Are they going to spend the night in this center? They are not sure. Maybe they’ll prefer to sleep “in the car,” said Alvaro, giving his mother a hesitant look.
The teenager says he owes his salvation only to the fact that he hid in the bathroom, a room he deemed to be the safest in the house. “I thought I was going to die,” he says, remembering more than anything the violent wind “which rushed through the bottom of the door”.
Coming from Vicksburg, some 70 km from Rolling Fork, Lauren Hoda cannot hide the mixture of “sadness”, “sorrow” and “anger” she feels at the “injustice” inflicted on the inhabitants.
“When I woke up this morning I felt like crying for the people of this town because I don’t think they had much time before (the tornado) came.
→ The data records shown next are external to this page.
definition idempotent_separating :: "('a \<Rightarrow> 'b) \<Rightarrow> 'a set \<Rightarrow> ('a \<Rightarrow> 'a \<Rightarrow> 'a) \<Rightarrow> bool" where
  "idempotent_separating f S m \<longleftrightarrow>
     (\<forall>e\<in>idems S m. \<forall>e'\<in>idems S m. f e = f e' \<longrightarrow> e = e')"

definition is_extension ::
  "'a set \<Rightarrow> ('a \<Rightarrow> 'a \<Rightarrow> 'a) \<Rightarrow> 'b set \<Rightarrow> ('b \<Rightarrow> 'b \<Rightarrow> 'b) \<Rightarrow> 'c set \<Rightarrow> ('c \<Rightarrow> 'c \<Rightarrow> 'c)
    \<Rightarrow> ('a \<Rightarrow> 'b) \<Rightarrow> ('b \<Rightarrow> 'c) \<Rightarrow> bool" where
  "is_extension A ma U mu S ms i j \<longleftrightarrow>
     inverse_semigroup_on A ma \<and> inverse_semigroup_on U mu \<and> inverse_semigroup_on S ms \<and>
     sg_mono i A ma U mu \<and> sg_epi j U mu S ms \<and> idempotent_separating j U mu \<and>
     i ` A = {u \<in> U. j u \<in> idems S ms}"

definition nat_le :: "'a set \<Rightarrow> ('a \<Rightarrow> 'a \<Rightarrow> 'a) \<Rightarrow> 'a \<Rightarrow> 'a \<Rightarrow> bool" where
  "nat_le S m s t \<longleftrightarrow> (\<exists>e\<in>idems S m. s = m e t)"

definition sigma_rel :: "'a set \<Rightarrow> ('a \<Rightarrow> 'a \<Rightarrow> 'a) \<Rightarrow> 'a \<Rightarrow> 'a \<Rightarrow> bool" where
  "sigma_rel S m s t \<longleftrightarrow> (\<exists>e\<in>idems S m. m e s = m e t)"

definition F_inverse_monoid :: "'a set \<Rightarrow> ('a \<Rightarrow> 'a \<Rightarrow> 'a) \<Rightarrow> bool" where
  "F_inverse_monoid S m \<longleftrightarrow> inverse_semigroup_on S m \<and>
     (\<forall>s\<in>S. \<exists>x\<in>S. sigma_rel S m s x \<and>
        (\<forall>t\<in>S. sigma_rel S m s t \<longrightarrow> nat_le S m t x))"

definition transversal :: "('c \<Rightarrow> 'b) \<Rightarrow> ('b \<Rightarrow> 'c) \<Rightarrow> 'b set \<Rightarrow> ('b \<Rightarrow> 'b \<Rightarrow> 'b) \<Rightarrow> 'c set \<Rightarrow> ('c \<Rightarrow> 'c \<Rightarrow> 'c) \<Rightarrow> bool" where
  "transversal \<rho> j U mu S ms \<longleftrightarrow>
     (\<forall>s\<in>S. \<rho> s \<in> U \<and> j (\<rho> s) = s) \<and> (\<forall>e\<in>idems S ms. \<rho> e \<in> idems U mu)"

definition order_preserving_on :: "('c \<Rightarrow> 'b) \<Rightarrow> 'b set \<Rightarrow> ('b \<Rightarrow> 'b \<Rightarrow> 'b) \<Rightarrow> 'c set \<Rightarrow> ('c \<Rightarrow> 'c \<Rightarrow> 'c) \<Rightarrow> bool" where
  "order_preserving_on \<rho> U mu S ms \<longleftrightarrow>
     (\<forall>s\<in>S. \<forall>t\<in>S. nat_le S ms s t \<longrightarrow> nat_le U mu (\<rho> s) (\<rho> t))"

end

theory Submission
  imports Defs
begin
definition Mmon :: "nat \<Rightarrow> int \<Rightarrow> nat \<Rightarrow> nat \<Rightarrow> nat \<Rightarrow> mono" where
  "Mmon \<eta> \<delta>T \<delta>X d2 c2 =
     (nat (ddelta \<eta> \<delta>T \<delta>X - int \<eta> * int d2 - int c2), c2, \<delta>X - d2, d2)"

definition Aval :: "nat \<Rightarrow> int \<Rightarrow> nat \<Rightarrow> rat" where
  "Aval \<eta> \<delta>T \<delta>X = (if \<delta>T \<ge> 0 then of_nat \<delta>X
                     else of_int (ddelta \<eta> \<delta>T \<delta>X) / of_nat \<eta>)"

definition AX :: "nat \<Rightarrow> nat \<Rightarrow> int \<Rightarrow> nat \<Rightarrow> nat set" where
  "AX q \<eta> \<delta>T \<delta>X =
     {\<alpha>. int \<alpha> \<le> min \<lfloor>Aval \<eta> \<delta>T \<delta>X\<rfloor> (int q - 1)} \<union> {\<alpha>. of_nat \<alpha> = Aval \<eta> \<delta>T \<delta>X}"

definition Kset :: "nat \<Rightarrow> nat \<Rightarrow> int \<Rightarrow> nat \<Rightarrow> (nat \<times> nat) set" where
  "Kset q \<eta> \<delta>T \<delta>X = {(\<alpha>, \<beta>). \<alpha> \<in> AX q \<eta> \<delta>T \<delta>X \<and>
      (int \<beta> \<le> min (ddelta \<eta> \<delta>T \<delta>X - int \<eta> * int \<alpha>) (int q) - 1
       \<or> int \<beta> = ddelta \<eta> \<delta>T \<delta>X - int \<eta> * int \<alpha>)}"

definition Hcond :: "nat \<Rightarrow> nat \<Rightarrow> int \<Rightarrow> nat \<Rightarrow> bool" where
  "Hcond q \<eta> \<delta>T \<delta>X \<longleftrightarrow> \<eta> \<ge> 2 \<and> \<delta>T < 0 \<and> int \<eta> dvd \<delta>T \<and>
      int q \<le> int \<delta>X + \<delta>T div int \<eta>"

definition Kstar :: "nat \<Rightarrow> nat \<Rightarrow> int \<Rightarrow> nat \<Rightarrow> (nat \<times> nat) set" where
  "Kstar q \<eta> \<delta>T \<delta>X = (if Hcond q \<eta> \<delta>T \<delta>X
      then Kset q \<eta> \<delta>T \<delta>X - {(nat (ddelta \<eta> \<delta>T \<delta>X div int \<eta>), 0)}
      else Kset q \<eta> \<delta>T \<delta>X)"

definition Delta_star :: "nat \<Rightarrow> nat \<Rightarrow> int \<Rightarrow> nat \<Rightarrow> mono set" where
  "Delta_star q \<eta> \<delta>T \<delta>X = (\<lambda>(\<alpha>, \<beta>). Mmon \<eta> \<delta>T \<delta>X \<alpha> \<beta>) ` Kstar q \<eta> \<delta>T \<delta>X"

text \<open>The map p; the representative in {1,...,q-1} of a residue class of n \<ge> 1
  modulo q-1 is (n-1) mod (q-1) + 1.\<close>
definition pmap :: "nat \<Rightarrow> nat \<Rightarrow> int \<Rightarrow> nat \<Rightarrow> nat \<Rightarrow> nat \<Rightarrow> nat \<times> nat" where
  "pmap q \<eta> \<delta>T \<delta>X d2 c2 =
    (let d2' = (if d2 = 0 \<or> of_nat d2 = Aval \<eta> \<delta>T \<delta>X then d2
                else (d2 - 1) mod (q - 1) + 1);
         c2' = (if c2 = 0 then 0
                else if int c2 = ddelta \<eta> \<delta>T \<delta>X - int \<eta> * int d2
                  then nat (ddelta \<eta> \<delta>T \<delta>X - int \<eta> * int d2')
                else (c2 - 1) mod (q - 1) + 1)
     in (d2', c2'))"

definition pi_mon :: "nat \<Rightarrow> nat \<Rightarrow> int \<Rightarrow> nat \<Rightarrow> mono \<Rightarrow> (mono \<Rightarrow> 'a::ring_1)" where
  "pi_mon q \<eta> \<delta>T \<delta>X m =
    (let d2 = snd (snd (snd m)); c2 = fst (snd m);
         s = nat (ddelta \<eta> \<delta>T \<delta>X div int \<eta>)
     in if Hcond q \<eta> \<delta>T \<delta>X \<and> d2 = s \<and> c2 = 0
        then (let r = (s - 1) mod (q - 1) + 1; k = (s - r) div (q - 1)
              in (\<lambda>x. mon_poly (Mmon \<eta> \<delta>T \<delta>X r 0) x
                 + mon_poly (Mmon \<eta> \<delta>T \<delta>X r (\<eta> * k * (q - 1))) x
                 - mon_poly (Mmon \<eta> \<delta>T \<delta>X r (q - 1)) x))
        else mon_poly (case pmap q \<eta> \<delta>T \<delta>X d2 c2 of (a, b) \<Rightarrow> Mmon \<eta> \<delta>T \<delta>X a b))"

definition Gset :: "nat \<Rightarrow> nat \<Rightarrow> (mono \<Rightarrow> 'a::ring_1) set" where
  "Gset q \<eta> = {g. \<exists>\<delta>T \<delta>X m. ddelta \<eta> \<delta>T \<delta>X \<ge> 0 \<and>
      m \<in> Mons \<eta> \<delta>T \<delta>X - Delta_star q \<eta> \<delta>T \<delta>X \<and>
      g = (\<lambda>x. mon_poly m x - pi_mon q \<eta> \<delta>T \<delta>X m x)}"

end

theory Submission
  imports Defs
begin

text \<open>Every monomial T1^c1 T2^c2 X1^d1 X2^d2 has exactly one bidegree, and in it it is
M(d2, c2). So membership in \<Delta>* becomes an explicit condition on the exponents
(\<open>standard_mono\<close>), which is visibly closed under division. For a monomial M outside
\<Delta>*, the map p strictly decreases (d2, c2) lexicographically, and the exceptional
image under (H) has a smaller d2; hence \<pi>(M) involves only monomials below M, and
M - \<pi>(M) has leading monomial M.\<close>

definition standard_mono :: "nat \<Rightarrow> nat \<Rightarrow> mono \<Rightarrow> bool" where
  "standard_mono q \<eta> m = (case m of (c1, c2, d1, d2) \<Rightarrow>
      (c1 = 0 \<or> c2 < q) \<and> (d2 < q \<or> d1 = 0 \<or> \<eta> = 1 \<and> c1 = 0 \<and> c2 = 0))"

lemma bideg_eq_iff:
  "bideg \<eta> (c1, c2, d1, d2) = (\<delta>T, \<delta>X) \<longleftrightarrow>
     \<delta>T = int c1 + int c2 - int \<eta> * int d1 \<and> \<delta>X = d1 + d2"
  by (auto simp: bideg_def)

lemma ddelta_bideg:
  assumes "bideg \<eta> (c1, c2, d1, d2) = (\<delta>T, \<delta>X)"
  shows "ddelta \<eta> \<delta>T \<delta>X = int c1 + int c2 + int \<eta> * int d2"
  using assms by (simp add: bideg_eq_iff ddelta_def algebra_simps)

lemma Mmon_bideg:
  assumes "bideg \<eta> (c1, c2, d1, d2) = (\<delta>T, \<delta>X)"
  shows "Mmon \<eta> \<delta>T \<delta>X d2 c2 = (c1, c2, d1, d2)"
  using assms by (simp add: Mmon_def ddelta_bideg bideg_eq_iff)

lemma Aval_ge:
  assumes "bideg \<eta> (c1, c2, d1, d2) = (\<delta>T, \<delta>X)"
  shows "of_nat d2 \<le> Aval \<eta> \<delta>T \<delta>X"
proof (cases "\<delta>T \<ge> 0")
  case True
  then show ?thesis using assms by (simp add: Aval_def bideg_eq_iff)
next
  case False
  then have "\<eta> > 0" using assms by (cases \<eta>) (auto simp: bideg_eq_iff)
  then show ?thesis using False assms by (simp add: Aval_def ddelta_bideg le_divide_eq)
qed
text \<open>Each d in D is the join of what is way below it, so a lies below a finite join of elements
way below members of D, and directedness puts all of these under a single member.\<close>

lemma way_below_directed_join:
  assumes A: "is_frame A" and lc: "locally_compact A" and D: "directed_in A D"
    and a: "way_below A a (frame_join A D)"
  shows "\<exists>d\<in>D. way_below A a d"
proof -
  have DA: "D \<subseteq> A" using D unfolding directed_in_def by simp
  define T where "T = {t \<in> A. \<exists>d\<in>D. way_below A t d}"
  have TA: "T \<subseteq> A" unfolding T_def by blast
  have "\<Union>D \<subseteq> frame_join A T"
  proof
    fix x assume "x \<in> \<Union>D"
    then obtain d where d: "d \<in> D" "x \<in> d" by blast
    have dA: "d \<in> A" using d(1) DA by blast
    have "{t \<in> A. way_below A t d} \<subseteq> T" unfolding T_def using d(1) by blast
    then have "frame_join A {t \<in> A. way_below A t d} \<subseteq> frame_join A T"
      by (rule frame_join_mono[OF A _ TA])
    then show "x \<in> frame_join A T" using locally_compact_join[OF lc dA] d(2) by auto
  qed
  then have DT: "frame_join A D \<subseteq> frame_join A T"
    by (rule frame_join_least[OF frame_join_closed[OF A TA]])
  from way_belowD[OF a TA DT]
  obtain T' where T': "T' \<subseteq> T" "finite T'" "a \<subseteq> frame_join A T'" by blast
  have "\<forall>t\<in>T'. \<exists>d. d \<in> D \<and> way_below A t d" using T'(1) unfolding T_def by blast
  then obtain g where g: "\<forall>t\<in>T'. g t \<in> D \<and> way_below A t (g t)"
    by (rule bchoice[THEN exE])
  have "finite (g ` T')" "g ` T' \<subseteq> D" using T'(2) g by auto
  from directed_in_finite_upper_bound[OF D this] obtain d where d: "d \<in> D" "\<forall>f\<in>g ` T'. f \<subseteq> d"
    by blast
  have "\<forall>t\<in>T'. way_below A t d"
  proof
    fix t assume t: "t \<in> T'"
    then have "way_below A t (g t)" "g t \<subseteq> d" using g d(2) by auto
    then show "way_below A t d" by (rule way_below_mono_right)
  qed
  with T'(1) TA have "way_below A (frame_join A T') d"
    by (intro way_below_finite_join[OF A T'(2)]) blast+
  then have "way_below A a d" by (rule way_below_mono_left[OF T'(3)])
  with d(1) show ?thesis by blast
qed

lemma way_above_in_scott_frame:
  assumes A: "is_frame A" and lc: "locally_compact A"
  shows "way_above A a \<in> scott_frame A"
proof (rule scott_frameI)
  show "way_above A a \<subseteq> A" unfolding way_above_def by blast
  show "b \<in> way_above A a" if "x \<in> way_above A a" "b \<in> A" "x \<subseteq> b" for x b
    using that way_below_mono_right[of A a x b] unfolding way_above_def by blast
  show "\<exists>d\<in>D. d \<in> way_above A a" if D: "directed_in A D" and "frame_join A D \<in> way_above A a" for D
  proof -
    have "way_below A a (frame_join A D)" using that(2) unfolding way_above_def by blast
    from way_below_directed_join[OF A lc D this] obtain d where "d \<in> D" "way_below A a d" by blast
    moreover have "D \<subseteq> A" using D unfolding directed_in_def by simp
    ultimately show ?thesis unfolding way_above_def by blast
  qed
qed
lemma abs_band_fun_le:
  assumes "periodic_graph_data nu E src tgt einv tau"
    and normalized: "Min (V ` {..<nu}) = real (kappa_plus nu E src)" and j: "j < nu"
  shows "\<bar>band_fun nu E src tgt tau alpha V j k\<bar> \<le> diamV nu V + real (kappa_plus nu E src)"
proof -
  have "Min (V ` {..<nu}) \<le> V j" and "V j \<le> Max (V ` {..<nu})"
    using j by (simp_all add: Min_le Max_ge)
  then show ?thesis
    using band_fun_bounds[OF assms(1) j, where V = V and alpha = alpha and k = k] normalized
    unfolding diamV_def by linarith
qed

lemma mat_trace_fiber_op_pow:
  assumes "periodic_graph_data nu E src tgt einv tau" and "magnetic_potential E einv alpha"
  shows "mat_trace (fiber_op nu E src tgt tau alpha V k ^\<^sub>m n)
    = of_real (\<Sum>j<nu. band_fun nu E src tgt tau alpha V j k ^ n)"
  unfolding band_fun_def
  by (rule mat_trace_pow_eigs[OF fiber_op_carrier fiber_op_eigenvalue_real[OF assms]])

lemma total_bandwidth_pow_le:
  assumes "periodic_graph_data nu E src tgt einv tau"
    and "Min (V ` {..<nu}) = real (kappa_plus nu E src)"
  shows "total_bandwidth nu E src tgt tau alpha V n
    \<le> real n * (diamV nu V + real (kappa_plus nu E src)) ^ (n - 1)
      * total_bandwidth nu E src tgt tau alpha V 1"
  unfolding total_bandwidth_def sum_distrib_left power_one_right
  using abs_band_fun_le[OF assms] by (intro sum_mono SUP_minus_INF_power_le) auto

lemma trace_pow_diff_le_total_bandwidth:
  assumes "periodic_graph_data nu E src tgt einv tau" and "magnetic_potential E einv alpha"
  shows "cmod (mat_trace (fiber_op nu E src tgt tau alpha V k1 ^\<^sub>m n)
      - mat_trace (fiber_op nu E src tgt tau alpha V k2 ^\<^sub>m n))
    \<le> total_bandwidth nu E src tgt tau alpha V n"
proof -
  let ?band = "band_fun nu E src tgt tau alpha V"
  let ?M = "\<bar>Min (V ` {..<nu}) - 2 * real (kappa_plus nu E src)\<bar> + \<bar>Max (V ` {..<nu})\<bar>"
  have bound: "\<bar>?band j k\<bar> \<le> ?M" if "j < nu" for j k
    using band_fun_bounds[OF assms(1) that, where V = V and alpha = alpha and k = k] by linarith
  have "cmod (mat_trace (fiber_op nu E src tgt tau alpha V k1 ^\<^sub>m n)
      - mat_trace (fiber_op nu E src tgt tau alpha V k2 ^\<^sub>m n))
      = \<bar>\<Sum>j<nu. ?band j k1 ^ n - ?band j k2 ^ n\<bar>"
    unfolding mat_trace_fiber_op_pow[OF assms] sum_subtractf of_real_diff[symmetric]
    by (rule norm_of_real)
  also have "\<dots> \<le> (\<Sum>j<nu. \<bar>?band j k1 ^ n - ?band j k2 ^ n\<bar>)"
    by (rule sum_abs)
  also have "\<dots> \<le> total_bandwidth nu E src tgt tau alpha V n"
    unfolding total_bandwidth_def using bound
    by (intro sum_mono abs_diff_le_SUP_minus_INF bdd_range_power_if_abs_le) auto
  finally show ?thesis .
qed

theorem lemma4p2:
  fixes nu :: nat and E :: "'e set" and src tgt :: "'e \<Rightarrow> nat" and einv :: "'e \<Rightarrow> 'e"
    and tau :: "'e \<Rightarrow> 'd::finite \<Rightarrow> int" and alpha :: "'e \<Rightarrow> real" and V :: "nat \<Rightarrow> real"
    and n :: nat
  assumes "periodic_graph_data nu E src tgt einv tau"
    and "periodic_connected nu E src tgt tau"
    and "magnetic_potential E einv alpha"
    and "Min (V ` {..<nu}) = real (kappa_plus nu E src)"
  shows "(total_bandwidth nu E src tgt tau alpha V n
           \<le> real n * (diamV nu V + real (kappa_plus nu E src)) ^ (n - 1)
               * total_bandwidth nu E src tgt tau alpha V 1)
         \<and> (\<forall>k1 k2 :: 'd \<Rightarrow> real.
           cmod (mat_trace (fiber_op nu E src tgt tau alpha V k1 ^\<^sub>m n)
                 - mat_trace (fiber_op nu E src tgt tau alpha V k2 ^\<^sub>m n))
           \<le> total_bandwidth nu E src tgt tau alpha V n)"
  using total_bandwidth_pow_le[OF assms(1,4)] trace_pow_diff_le_total_bandwidth[OF assms(1,3)]
  by blast

end
lemma less_9_cases: "(r::nat) < 9 \<longleftrightarrow> r \<in> {0,1,2,3,4,5,6,7,8}"
  by auto

definition V2_vectors :: "real \<Rightarrow> real list list" where
  "V2_vectors lam =
     [[1, lam,0,  1/lam,1,0, 0,0,1],
      [1,-lam,0, -1/lam,1,0, 0,0,1],
      [0,0,1/lam, 0,0,0, lam,0,0],
      [0,0,0, 0,0,lam, 0,1/lam,0]]"

definition V2_weights :: "real list" where
  "V2_weights = [1/2, 1/2, 1, 1]"

lemma A_entries_decomposition:
  assumes "lam \<noteq> 0" "r < 9" "k < 9"
  shows "A_entries lam ! r ! k = (\<Sum>i<4. V2_weights ! i * (V2_vectors lam ! i ! r * V2_vectors lam ! i ! k))"
  using assms(2,3) unfolding less_9_cases
  by (auto simp: A_entries_def V2_vectors_def V2_weights_def Let_def assms(1) power2_eq_square
      numeral_eq_Suc lessThan_Suc)

lemma A_mat_in_VV2:
  assumes "lam \<noteq> 0"
  shows "A_mat lam \<in> VV 2"
proof -
  define zs where "zs i = mat_of_stacked (\<lambda>r. of_real (V2_vectors lam ! i ! r))" for i
  have carrier: "zs i \<in> carrier_mat 3 3" for i
    by (simp add: zs_def mat_of_stacked_carrier)
  have rank: "vec_space.rank 3 (zs i) \<le> 2" if "i < 4" for i
  proof -
    from that have "i \<in> {0,1,2,3}" by auto
    then have "det (zs i) = 0"
      using assms by (auto simp: det_dim_3 zs_def mat_of_stacked_def V2_vectors_def)
    then have "vec_space.rank 3 (zs i) < 3"
      unfolding zs_def by (rule vec_space.det_zero_low_rank[OF mat_of_stacked_carrier])
    then show ?thesis by simp
  qed
  have "A_mat lam = mat 9 9 (\<lambda>(r,k). \<Sum>i<4. of_real (V2_weights ! i) * ztilde_proj (zs i) $$ (r,k))"
    (is "_ = ?S")
  proof (rule eq_matI)
    fix r k assume "r < dim_row ?S" "k < dim_col ?S"
    then have "r < 9" "k < 9" by auto
    then show "A_mat lam $$ (r,k) = ?S $$ (r,k)"
      by (simp add: A_mat_index A_entries_decomposition[OF assms] ztilde_proj_index
          ztilde_mat_of_stacked zs_def)
  qed (simp_all add: A_mat_def mat_of_rows_list_def Let_def)
  moreover have "0 \<le> V2_weights ! i" if "i < 4" for i
    using that by (auto simp: V2_weights_def less_Suc_eq numeral_eq_Suc)
  ultimately show ?thesis
    unfolding VV_def mem_Collect_eq
    by (intro exI[where x=4] exI[where x="(!) V2_weights"] exI[where x=zs] conjI)
      (auto simp: rank carrier)
qed
(* Let $\mathfrak g$ and the infinite quiver $Q(\mathfrak g)$ be as in the context. Let $\mathbb C(\tau)$ be the field of rational functions in variables $\tau_i(n)$ ($i\in S$, $n\in d\mathbb Z$), and put $T_i(n)=\prod_{j<i}\prod_{k=1}^{-C_{ij}}\tau_j(n+kd_{ij})\cdot\prod_{j>i}\prod_{k=0}^{-C_{ij}-1}\tau_j(n+kd_{ij})$ with $d_{ij}=\min(d_i,d_j)$, $s_i(n)=\dfrac{T_i(n)}{\tau_i(n)\tau_i(n+d_i)}$. Let $p_\tau:\mathbb C(\mathbf X)\to\mathbb C(\tau)$ be the field homomorphism $X^i_n\mapsto s_i(n)/s_i(n+d_i)$, let $\phi:\mathbb C(\tau)\to\mathbb C(\mathbf A)$ be the field homomorphism $\tau_i(n)\mapsto A^i_{n-d_i}$, and let $p^\ast:\mathbb C(\mathbf X)\to\mathbb C(\mathbf A)$ be $p^\ast(X^i_n)=\prod_{v^j_k}(A^j_k)^{\varepsilon_{v^i_n,v^j_k}}$ (product over the vertices of $Q(\mathfrak g)$). Then $\phi\circ p_\tau=p^\ast$.
   Context: Let $\mathfrak g$ be a finite-dimensional complex simple Lie algebra of rank $\ell$, $S=\{1,\dots,\ell\}$, of type $A_\ell$, $B_\ell$, $C_\ell$, $D_\ell$ ($\ell\ge4$), $E_{6,7,8}$, $F_4$ or $G_2$, labelled: $A_\ell,B_\ell,C_\ell$ chain $1-\cdots-\ell$ ($\alpha_\ell$ short in $B_\ell$, long in $C_\ell$); $D_\ell$: chain $1-\cdots-(\ell-1)$ plus edge $(\ell-2)-\ell$; $E_\ell$: chain $1-2-3-5-\cdots-\ell$ plus edge $3-4$; $F_4$: chain $1-2-3-4$, $\alpha_1,\alpha_2$ long; $G_2$: $\alpha_2$ long. $d_i=(\alpha_i,\alpha_i)/2$: $1$ in types $A,D,E$; $(1,\dots,1,\frac12)$ for $B_\ell$; $(1,\dots,1,2)$ for $C_\ell$; $(1,1,\frac12,\frac12)$ for $F_4$; $(1,3)$ for $G_2$; $d=\min d_i$; $C_{ij}=2(\alpha_i,\alpha_j)/(\alpha_i,\alpha_i)$. Quiver $Q(\mathfrak g)$ on $\{v^i_n: i\in S, n\in d\mathbb Z\}$, arrows for all $n$: (simply-laced) orient Dynkin edges from larger to smaller label ($C(\mathfrak g)$); $v^i_n\to v^i_{n+1}$, and for each $i\to j$ in $C(\mathfrak g)$, $v^i_n\to v^j_n$ and $v^j_{n+1}\to v^i_n$. ($B_\ell$) $v^i_n\to v^i_{n+1}$ ($i\le\ell-1$); $v^i_n\to v^{i-1}_n$, $v^{i-1}_{n+1}\to v^i_n$ ($2\le i\le\ell-1$); $v^\ell_n\to v^\ell_{n+1/2}$, $v^\ell_n\to v^{\ell-1}_{n-1/2}$, $v^{\ell-1}_{n+1/2}\to v^\ell_n$. ($C_\ell$) $v^i_n\to v^i_{n+1}$ ($i\le\ell-1$); $v^i_n\to v^{i-1}_n$, $v^{i-1}_{n+1}\to v^i_n$ ($2\le i\le\ell-1$); $v^\ell_n\to v^\ell_{n+2}$, $v^\ell_n\to v^{\ell-1}_n$, $v^{\ell-1}_{n+2}\to v^\ell_n$. ($F_4$) $v^i_n\to v^i_{n+1}$ ($i=1,2$); $v^2_n\to v^1_n$, $v^1_{n+1}\to v^2_n$; $v^3_n\to v^3_{n+1/2}$, $v^3_n\to v^2_{n-1/2}$, $v^2_{n+1/2}\to v^3_n$; $v^4_n\to v^4_{n+1/2}$, $v^4_n\to v^3_n$, $v^3_{n+1/2}\to v^4_n$. ($G_2$) $v^1_n\to v^1_{n+1}$, $v^2_n\to v^2_{n+3}$, $v^2_n\to v^1_n$, $v^1_{n+3}\to v^2_n$. Exchange matrix $\varepsilon_{uv}=\#\{u\to v\}-\#\{v\to u\}$. $\mathbb C(\mathbf X)$ and $\mathbb C(\mathbf A)$ are the fields of rational functions in the $X$-variables $X^i_n$ and $A$-variables $A^i_n$ attached to the vertices $v^i_n$. (The $\tau_i(n)$ are the $\tau$-functions of the lattice $\mathfrak g$-Toda field equation, i.e. solutions of $D_t\tau_i(n)\cdot\tau_i(n+d_i)=T_i(n)$, but the statement is an identity of field homomorphisms.) *)

theory Defs
  imports Complex_Main
begin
There were people eating in the restaurant, families in their beds”, says the 28-year-old young woman, who says she herself experienced a natural disaster: Hurricane Katrina, in 2005.
This is why she mobilized and spent her Saturday evening at Rolling Fork to bring the collected donations: water, food, canned goods, diapers, wipes, medicines, deodorant, toothpaste, she lists.
Jon Gebhardt, an assistant professor of military science at the University of Mississippi in Oxford, about three hours from Rolling Fork, says he arrived in the middle of the night after the tornado hit to help set up the center.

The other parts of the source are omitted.